Однако проблема состоит в том, что спор этот Горький выиграть не мог, потому что, в отличие от Достоевского или Ницше, у него не было своей ясной концепции «преступления и наказания». Весь ужас и экзистенциальная «черная дыра» этого романа заключаются в том, что Илья Лунев совершил именно бессмысленное убийство. В этом убийстве выразились его отчаяние найти смысл жизни и как бы месть мирозданию. Но месть эта оказалась настолько ничтожна, что Илье ничего не оставалось, как покончить с собой.

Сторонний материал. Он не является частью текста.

lemma list_update_insert_at:
  "i \<le> length ys \<Longrightarrow> (take i ys @ u # drop i ys)[i := v] = take i ys @ v # drop i ys"
  by (simp add: list_update_append)

lemma cls_plus_eq_iff:
  fixes Z :: "'a::ab_group_add set"
  assumes zero: "0 \<in> Z" and add: "\<And>x y. x \<in> Z \<Longrightarrow> y \<in> Z \<Longrightarrow> x + y \<in> Z"
    and neg: "\<And>x. x \<in> Z \<Longrightarrow> - x \<in> Z"
  shows "cls (+) Z a = cls (+) Z b \<longleftrightarrow> a - b \<in> Z"
proof
  assume "cls (+) Z a = cls (+) Z b"
  moreover have "a \<in> cls (+) Z a" unfolding cls_def using zero by (intro CollectI exI[of _ 0]) simp
  ultimately obtain z where "z \<in> Z" "a = b + z" unfolding cls_def by auto
  then show "a - b \<in> Z" by simp
next
  have subset: "cls (+) Z a \<subseteq> cls (+) Z b" if d: "a - b \<in> Z" for a b
  proof
    fix x assume "x \<in> cls (+) Z a"
    then obtain z where "z \<in> Z" "x = a + z" unfolding cls_def by auto
    with add[OF d] have "(a - b) + z \<in> Z" "x = b + ((a - b) + z)" by auto
    then show "x \<in> cls (+) Z b" unfolding cls_def by blast
  qed
  assume "a - b \<in> Z"
  with neg[of "a - b"] show "cls (+) Z a = cls (+) Z b"
    using subset[of a b] subset[of b a] by auto
qed

lemma bij_betw_classes:
  assumes img: "h ` S = T"
    and eqv: "\<And>x y. x \<in> S \<Longrightarrow> y \<in> S \<Longrightarrow> f x = f y \<longleftrightarrow> g (h x) = g (h y)"
  shows "\<exists>\<phi>. bij_betw \<phi> (f ` S) (g ` T) \<and> (\<forall>x\<in>S. \<phi> (f x) = g (h x))"
proof -
  define \<phi> where "\<phi> X = g (h (SOME x. x \<in> S \<and> f x = X))" for X
  have \<phi>: "\<phi> (f x) = g (h x)" if "x \<in> S" for x
  proof -
    have "\<exists>y. y \<in> S \<and> f y = f x" using that by auto
    then have "(SOME y. y \<in> S \<and> f y = f x) \<in> S \<and> f (SOME y. y \<in> S \<and> f y = f x) = f x"
      by (rule someI_ex)
    then show ?thesis unfolding \<phi>_def using eqv that by blast
  qed
  have "inj_on \<phi> (f ` S)"
    by (rule inj_onI) (auto simp: \<phi> eqv)
  moreover have "\<phi> ` f ` S = g ` T"
    using \<phi> img by (auto simp: image_comp)
  ultimately show ?thesis using \<phi> unfolding bij_betw_def by blast
qed

locale hom_leibniz =
  fixes n :: nat and scale :: "'k::field \<Rightarrow> 'v::ab_group_add \<Rightarrow> 'v"
    and br :: "'v list \<Rightarrow> 'v" and \<alpha> :: "'v \<Rightarrow> 'v"
  assumes hom_leibniz: "hom_leibniz_nalg n scale br \<alpha>"
begin

sublocale V: vector_space scale
  using hom_leibniz unfolding hom_leibniz_nalg_def by simp

sublocale A: Vector_Spaces.linear scale scale \<alpha>
  using hom_leibniz unfolding hom_leibniz_nalg_def by simp

lemma two_le_n: "2 \<le> n"
  using hom_leibniz unfolding hom_leibniz_nalg_def by simp

lemma br_add_entry:
  "length xs = n \<Longrightarrow> i < n \<Longrightarrow> br (xs[i := a + b]) = br (xs[i := a]) + br (xs[i := b])"
  using hom_leibniz unfolding hom_leibniz_nalg_def nlinear_def by blast

lemma br_scale_entry:
  "length xs = n \<Longrightarrow> i < n \<Longrightarrow> br (xs[i := scale c a]) = scale c (br (xs[i := a]))"
  using hom_leibniz unfolding hom_leibniz_nalg_def nlinear_def by blast

lemma br_zero_entry: "length xs = n \<Longrightarrow> i < n \<Longrightarrow> br (xs[i := 0]) = 0"
  using br_add_entry[of xs i 0 0] by simp

lemma alpha_br: "length xs = n \<Longrightarrow> \<alpha> (br xs) = br (map \<alpha> xs)"
  using hom_leibniz unfolding hom_leibniz_nalg_def by blast

lemma hom_leibniz_identity:
  "length xs = n \<Longrightarrow> length ys = n - 1 \<Longrightarrow>
     br (br xs # map \<alpha> ys) = (\<Sum>i<n. br ((map \<alpha> xs)[i := br (xs ! i # ys)]))"
  using hom_leibniz unfolding hom_leibniz_nalg_def by blast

Старик Полуэктов, мерзавец, развратник, куда отвратительней старухи-процентщицы, которую убивает Раскольников. Он своего рода воплощение мирского срама, нечистоты, от которых страдает душевно ранимый Лунев (здесь угадывается натура самого Пешкова). Но как ни странно, именно это будто бы «моральное» оправдание убийства и есть последний приговор Луневу. Раскольников убивает «теоретически». Он осознает свой поступок как преступление и играет в «орла и решку»: сможет он вынести собственное преступление в душе своей или нет? Если — да, он — сверхчеловек. Если — нет, он — «тварь дрожащая». Лунев же вовсе не воспринимает свой поступок как преступление. Ему просто противно и все. Вот где ужас!

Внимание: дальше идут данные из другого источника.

lemma hub_weights_tendsto:
  fixes \<gamma> :: "nat \<Rightarrow> real"
  assumes "\<And>n. \<bar>\<gamma> n - real n\<bar> \<le> C"
  shows "(\<lambda>n. hub_weight_plus n (\<gamma> n)) \<longlonglongrightarrow> 1 / 2"
    and "(\<lambda>n. hub_weight_minus n (\<gamma> n)) \<longlonglongrightarrow> - 1 / 2"
proof -
  define \<rho> where "\<rho> n = sqrt (real n) / hub_disc n (\<gamma> n)" for n
  define e where "e n = (\<gamma> n - (real n - 2)) / real n" for n
  have "\<bar>\<gamma> n - (real n - 2)\<bar> \<le> C + 2" for n
    using assms[of n] by linarith
  then have "e \<longlonglongrightarrow> 0"
    unfolding e_def by (rule bounded_div_real_tendsto_0)
  moreover have "\<rho> \<longlonglongrightarrow> 1 / 2"
    unfolding \<rho>_def by (rule sqrt_div_hub_disc_tendsto[OF assms])
  moreover have "(\<lambda>n. 1 / real n) \<longlonglongrightarrow> 0" "(\<lambda>n. 1 / (2 * sqrt (real n))) \<longlonglongrightarrow> 0"
    by real_asymp+
  ultimately have
    "(\<lambda>n. (1 - 1 / real n) * \<rho> n + 1 / (2 * sqrt (real n)) + e n * \<rho> n / 2)
       \<longlonglongrightarrow> (1 - 0) * (1 / 2) + 0 + 0 * (1 / 2) / 2"
    "(\<lambda>n. - ((1 - 1 / real n) * \<rho> n) + 1 / (2 * sqrt (real n)) - e n * \<rho> n / 2)
       \<longlonglongrightarrow> - ((1 - 0) * (1 / 2)) + 0 - 0 * (1 / 2) / 2"
    by (intro tendsto_intros; simp)+
  moreover have "\<forall>\<^sub>F n in sequentially.
      (1 - 1 / real n) * \<rho> n + 1 / (2 * sqrt (real n)) + e n * \<rho> n / 2 = hub_weight_plus n (\<gamma> n)
      \<and> - ((1 - 1 / real n) * \<rho> n) + 1 / (2 * sqrt (real n)) - e n * \<rho> n / 2 = hub_weight_minus n (\<gamma> n)"
    using eventually_ge_at_top[of 2] by eventually_elim (simp add: hub_weights_eq \<rho>_def e_def)
  ultimately show "(\<lambda>n. hub_weight_plus n (\<gamma> n)) \<longlonglongrightarrow> 1 / 2"
    and "(\<lambda>n. hub_weight_minus n (\<gamma> n)) \<longlonglongrightarrow> - 1 / 2"
    by (auto elim!: Lim_transform_eventually elim: eventually_mono)
qed

lemma hub_phase_tendsto:
  fixes \<gamma> :: "nat \<Rightarrow> real"
  assumes "\<And>n. \<bar>\<gamma> n - real n\<bar> \<le> C"
  shows "(\<lambda>n. hub_disc n (\<gamma> n) * (pi / (2 * sqrt (real n)))) \<longlonglongrightarrow> pi"
proof -
  have "(\<lambda>n. pi / (2 * (sqrt (real n) / hub_disc n (\<gamma> n)))) \<longlonglongrightarrow> pi / (2 * (1 / 2))"
    by (intro tendsto_intros sqrt_div_hub_disc_tendsto[OF assms]) simp
  moreover have "\<forall>\<^sub>F n in sequentially. pi / (2 * (sqrt (real n) / hub_disc n (\<gamma> n)))
      = hub_disc n (\<gamma> n) * (pi / (2 * sqrt (real n)))"
    using eventually_ge_at_top[of 2]
    by eventually_elim (simp add: two_mode_disc_pos less_imp_neq[symmetric] field_simps)
  ultimately show ?thesis by (simp add: Lim_transform_eventually)
qed

lemma hub_error_tendsto:
  fixes \<gamma> :: "nat \<Rightarrow> real"
  assumes "\<And>n. \<bar>\<gamma> n - real n\<bar> \<le> C"
  shows "(\<lambda>n. (1 + \<bar>\<gamma> n - (real n - 2)\<bar> / hub_disc n (\<gamma> n)) * (pi / (2 * sqrt (real n))))
    \<longlonglongrightarrow> 0"
proof (rule Lim_null_comparison)
  show "\<forall>\<^sub>F n in sequentially.
      norm ((1 + \<bar>\<gamma> n - (real n - 2)\<bar> / hub_disc n (\<gamma> n)) * (pi / (2 * sqrt (real n))))
      \<le> (1 + (C + 2) / 2) * (pi / (2 * sqrt (real n)))"
    using eventually_ge_at_top[of 2]
  proof eventually_elim
    case (elim n)
    have "1 \<le> sqrt (real n - 1)" using elim by simp
    moreover have "2 * sqrt (real n - 1) \<le> hub_disc n (\<gamma> n)"
      using elim by (intro two_mode_disc_ge) simp
    ultimately have "2 \<le> hub_disc n (\<gamma> n)" by linarith
    moreover have "\<bar>\<gamma> n - (real n - 2)\<bar> \<le> C + 2"
      using assms[of n] by linarith
    ultimately have "\<bar>\<gamma> n - (real n - 2)\<bar> / hub_disc n (\<gamma> n) \<le> (C + 2) / 2"
      by (intro frac_le) auto
    then have "(1 + \<bar>\<gamma> n - (real n - 2)\<bar> / hub_disc n (\<gamma> n)) * (pi / (2 * sqrt (real n)))
        \<le> (1 + (C + 2) / 2) * (pi / (2 * sqrt (real n)))"
      by (intro mult_right_mono) simp_all
    moreover have "0 \<le> (1 + \<bar>\<gamma> n - (real n - 2)\<bar> / hub_disc n (\<gamma> n)) * (pi / (2 * sqrt (real n)))"
      using \<open>2 \<le> hub_disc n (\<gamma> n)\<close> by simp
    ultimately show ?case by (metis real_norm_def abs_of_nonneg)
  qed
  have "(\<lambda>n. pi / (2 * sqrt (real n))) \<longlonglongrightarrow> 0" by real_asymp
  then show "(\<lambda>n. (1 + (C + 2) / 2) * (pi / (2 * sqrt (real n)))) \<longlonglongrightarrow> 0"
    by (rule tendsto_mult_right_zero)
qed

theorem mainTheorem2:
  fixes \<gamma> :: "nat \<Rightarrow> real"
  assumes "\<exists>C. \<forall>n. \<bar>\<gamma> n - real n\<bar> \<le> C"
  shows "(\<lambda>n. cmod (expH n (\<gamma> n) (pi / (2 * sqrt (real n))) (z1 n) n)) \<longlonglongrightarrow> 1"
proof -
  obtain C where C: "\<And>n. \<bar>\<gamma> n - real n\<bar> \<le> C" using assms by blast
  let ?t = "\<lambda>n. pi / (2 * sqrt (real n))"
  let ?G = "\<lambda>n. cmod (of_real (hub_weight_plus n (\<gamma> n)) + of_real (hub_weight_minus n (\<gamma> n))
                      * exp (\<i> * of_real (hub_disc n (\<gamma> n) * ?t n)))"
  have "?G \<longlonglongrightarrow> cmod (of_real (1 / 2) + of_real (- 1 / 2) * exp (\<i> * of_real pi))"
    using hub_weights_tendsto[OF C] hub_phase_tendsto[OF C] by (intro tendsto_intros)
  then have G: "?G \<longlonglongrightarrow> 1" by simp
  have "(\<lambda>n. cmod (expH n (\<gamma> n) (?t n) (z1 n) n) - ?G n) \<longlonglongrightarrow> 0"
  proof (rule Lim_null_comparison)
    show "\<forall>\<^sub>F n in sequentially. norm (cmod (expH n (\<gamma> n) (?t n) (z1 n) n) - ?G n)
        \<le> (1 + \<bar>\<gamma> n - (real n - 2)\<bar> / hub_disc n (\<gamma> n)) * ?t n"
      using eventually_ge_at_top[of 2]
      by eventually_elim (unfold real_norm_def, rule norm_expH_hub_approx, simp_all)
  qed (rule hub_error_tendsto[OF C])
  from tendsto_add[OF this G] show ?thesis by simp
qed

end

«„Зачем я его удушил?“ — спрашивал он себя». Раскольников знал, для чего убивал. Божественное начало победило в нем, опровергнув теоретического человека. Лунев же убил «просто так». Здесь нет предмета для высшего духовного спора.
Вместе с тем сцена убийства Полуэктова очень напоминает убийство Раскольникова, и это говорит о том, что Горький осознанно спорил с автором «Преступления и наказания». Вот она:
«Старик, сидя за узким прилавком, снимал с иконы ризу, выковыривая гвоздики маленькой стамеской. Мельком взглянув на вошедшего парня, он тотчас же опустил голову к работе, сухо сказав:
— Что надо?..
— Узнали меня? — зачем-то спросил Илья.
Старик снова взглянул на него.
— Может, и узнал, — что надо-то?
— Монету купите?
— Покажи…
Илья полез в карман за кошельком. Но рука его не находила кармана и дрожала так же, как дрожало сердце от ненависти к старику и страха пред ним. Шаря под полой пальто, он упорно смотрел на маленькую лысую голову, и по спине у него пробегал холод…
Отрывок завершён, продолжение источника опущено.